Evaluation of antimicrobial effect of hops extracts on intramacrophages Brucella abortus and B. melitensis

Introduction and objective: Brucellosis is a zoonosis disease among animal and human, and has been endemic in Iran. The most important virulence factors of Brucella are related to their capability of intraphagocytic survival. Because of the side effects of brucellosis treatment regime, it is necessary to find new antimicrobial agents. The hop plant (Humulus lupulus) extract reported as having antimicrobial effects. The present study evaluated the antimicrobial activity of hops extracts against Brucella abortus 544 and B. melitensis 16M. Materials and methods: Hops extracts were prepared in water, acetone and ethanol. Minimum inhibitory concentration (MIC) and minimum bactericidal concentration (MBC) for two strains of Brucella determined by broth macrodilution and agar well diffusion methods. Effect of extracts on intramacrophge surviving of Brucella strains studied on cell culture of mouse peritoneal macrophages. Results: Results indicated that MIC for aqueous extract was 1:80 (0.625mg/ml) and for acetonic and ethanolic extracts was 1:160 (0.05mg/ml).
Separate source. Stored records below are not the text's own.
(* For all $s\in\mathcal{Q}$ one has $F_s(J_s)\subset\mathbb{Z}^{>0}$. If moreover $s\notin\{0,\infty\}$ and $s_0,s_1$ are the parents of $s$, then pointwise on $\mathbb{Z}^2$ $$1\!\!1_{J_s}\cdot\sup\left\{1\!\!1_{\{P^{s_0}_0\}}*F_{s_1},\ 1\!\!1_{\{P^{s_1}_0\}}*F_{s_0},\ 1\!\!1_{\{Q^{s_0}_0\}}*F_{s_1},\ 1\!\!1_{\{Q^{s_1}_0\}}*F_{s_0}\right\}\leq F_s .$$
   Context: $\mathcal{Q}=\mathbb{Q}^{\geq0}\cup\{\infty\}$; each $\sigma\in\mathcal{Q}$ is written uniquely $\sigma=q/p$ with $p,q\in\mathbb{N}$ coprime ($\infty=1/0$). For such $\sigma$: $J_\sigma=\{(\alpha,\beta)\in\mathbb{Z}^2:\ \alpha\equiv q,\ \beta\equiv p\pmod2;\ \alpha\geq-q;\ \beta\geq-p;\ \alpha+\beta\leq p+q-2;\ p\alpha+q\beta\geq0\}$, $P^\sigma_i=(q+2i,-p)$, $Q^\sigma_j=(-q,p+2j)$. Parents: for $\sigma\in\mathcal{Q}\smallsetminus\{0,1,\infty\}$, let $L_\sigma$ be the hyperbolic geodesic in the upper half-plane from $\sigma$ to $\sqrt{-1}$; the parents of $\sigma$ are the endpoints of the first edge of the Farey triangulation (ideal triangles with vertices $\frac{q_0}{p_0},\frac{q_0+q_1}{p_0+p_1},\frac{q_1}{p_1}$, $q_0p_1-q_1p_0=\pm1$) crossed by $L_\sigma$, closest to $\sigma$; the parents of $1$ are $0$ and $\infty$. For $\sigma\notin\{0,1,\infty\}$ the parents are labelled $\sigma_0,\sigma_1$ so that the parents of $\sigma_1$ are $\sigma_0$ and another point $\sigma'\in\mathcal{Q}$. Convolution of finitely supported functions $\mathbb{Z}^2\to\mathbb{Z}$: $F*G(u)=\sum_{x+y=u}F(x)G(y)$ (so $1\!\!1_{\{\xi\}}*F(u)=F(u-\xi)$); $1\!\!1_U$ is the indicator of $U$; $\Lambda=\{(0,0),(0,2),(2,0)\}$. Define $F_\sigma=1\!\!1_{J_\sigma}$ for $\sigma\in\{0,1,\infty\}$, and recursively $F_\sigma=F_{\sigma_0}*F_{\sigma_1}*1\!\!1_\Lambda-F_{\sigma'}$ for $\sigma\in\mathcal{Q}\smallsetminus\{0,1,\infty\}$. The supremum and inequality are pointwise. *)

theory Defs
  imports Complex_Main
begin

(* Points of the extended set Q = Q^{>=0} \<union> {\<infinity>} are represented by their unique
   reduced representation (q,p) of sigma = q/p, q,p >= 0 coprime; \<infinity> = (1,0), 0 = (0,1). *)
definition Qset :: "(int \<times> int) set" where
  "Qset = {(q,p). 0 \<le> q \<and> 0 \<le> p \<and> coprime q p}"

definition Qzero :: "int \<times> int" where "Qzero = (0,1)"
definition Qone :: "int \<times> int" where "Qone = (1,1)"
definition Qinf :: "int \<times> int" where "Qinf = (1,0)"

definition J :: "int \<times> int \<Rightarrow> (int \<times> int) set" where
  "J \<sigma> = (case \<sigma> of (q,p) \<Rightarrow>
     {(\<alpha>,\<beta>). \<alpha> mod 2 = q mod 2 \<and> \<beta> mod 2 = p mod 2 \<and> \<alpha> \<ge> -q \<and> \<beta> \<ge> -p
        \<and> \<alpha> + \<beta> \<le> p + q - 2 \<and> p * \<alpha> + q * \<beta> \<ge> 0})"

definition Ppt :: "int \<times> int \<Rightarrow> int \<Rightarrow> int \<times> int" where
  "Ppt \<sigma> i = (case \<sigma> of (q,p) \<Rightarrow> (q + 2*i, -p))"

definition Qpt :: "int \<times> int \<Rightarrow> int \<Rightarrow> int \<times> int" where
  "Qpt \<sigma> j = (case \<sigma> of (q,p) \<Rightarrow> (-q, p + 2*j))"

definition ind :: "(int \<times> int) set \<Rightarrow> int \<times> int \<Rightarrow> int" where
  "ind U x = (if x \<in> U then 1 else 0)"

definition conv :: "(int \<times> int \<Rightarrow> int) \<Rightarrow> (int \<times> int \<Rightarrow> int) \<Rightarrow> int \<times> int \<Rightarrow> int" where
  "conv F G u = (\<Sum>x\<in>{x. F x \<noteq> 0}. F x * G (fst u - fst x, snd u - snd x))"

definition Lambda :: "(int \<times> int) set" where
  "Lambda = {(0,0), (0,2), (2,0)}"

definition farey_nbr :: "int \<times> int \<Rightarrow> int \<times> int \<Rightarrow> bool" where
  "farey_nbr a b = (case a of (q0,p0) \<Rightarrow> case b of (q1,p1) \<Rightarrow> \<bar>q0 * p1 - q1 * p0\<bar> = 1)"

(* the hyperbolic geodesic (in the open upper half plane) joining the cusps a and b
   (for a Farey pair at most one of them is \<infinity>, i.e. has p = 0) *)
definition geod :: "int \<times> int \<Rightarrow> int \<times> int \<Rightarrow> complex set" where
  "geod a b = (case a of (q0,p0) \<Rightarrow> case b of (q1,p1) \<Rightarrow>
     {z. 0 < Im z \<and>
        (if p0 = 0 then Re z = real_of_int q1 / real_of_int p1
         else if p1 = 0 then Re z = real_of_int q0 / real_of_int p0
         else cmod (z - complex_of_real ((real_of_int q0 / real_of_int p0 + real_of_int q1 / real_of_int p1) / 2))
              = \<bar>real_of_int q0 / real_of_int p0 - real_of_int q1 / real_of_int p1\<bar> / 2)})"

(* L_sigma for sigma = q/p in Q^{>0} \<setminus> {1}: the geodesic arc from x = q/p to i.
   It lies on the semicircle centred at the real point c = (x^2-1)/(2x) (the unique real
   point equidistant from x and i), and the arc from x to i is the part with Re z \<ge> 0. *)
definition Lgeo :: "int \<times> int \<Rightarrow> complex set" where
  "Lgeo \<sigma> = (case \<sigma> of (q,p) \<Rightarrow>
     let x = real_of_int q / real_of_int p; c = (x^2 - 1) / (2*x) in
     {z. 0 < Im z \<and> cmod (z - complex_of_real c) = cmod (\<i> - complex_of_real c) \<and> 0 \<le> Re z})"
MBC for aquatic extract was 1:40 (1.2mg/ml) and for two other extracts was 1:80 (0.1mg/ml). In cell culture results indicated that all of extracts were effective and eradicated intramacrophage Brucella strains in 1:40 (1.2mg/ml for aqueous and 0.2mg/ml for ethanolic and acetonic extracts), 1:80 (0.625mg/ml for aqueous and 0.1mg/ml for ethanolic and acetonic extracts) and 1:160 (0.312mg/ml for aqueous and 0.05mg/ml for ethanolic and acetonic extracts) of extracts dilutions after 24h. Conclusion: Overall this study indicated that aquatic, acetonic and ethanolic extracts of hops showed antimicrobial effect against B. abortus and B. melitensis, therefore, they are useful in the treatment of brucellosis. Keywords: Brucella abortus; B. melitensis; Hops extract; Antibacterial activity; Cell culture.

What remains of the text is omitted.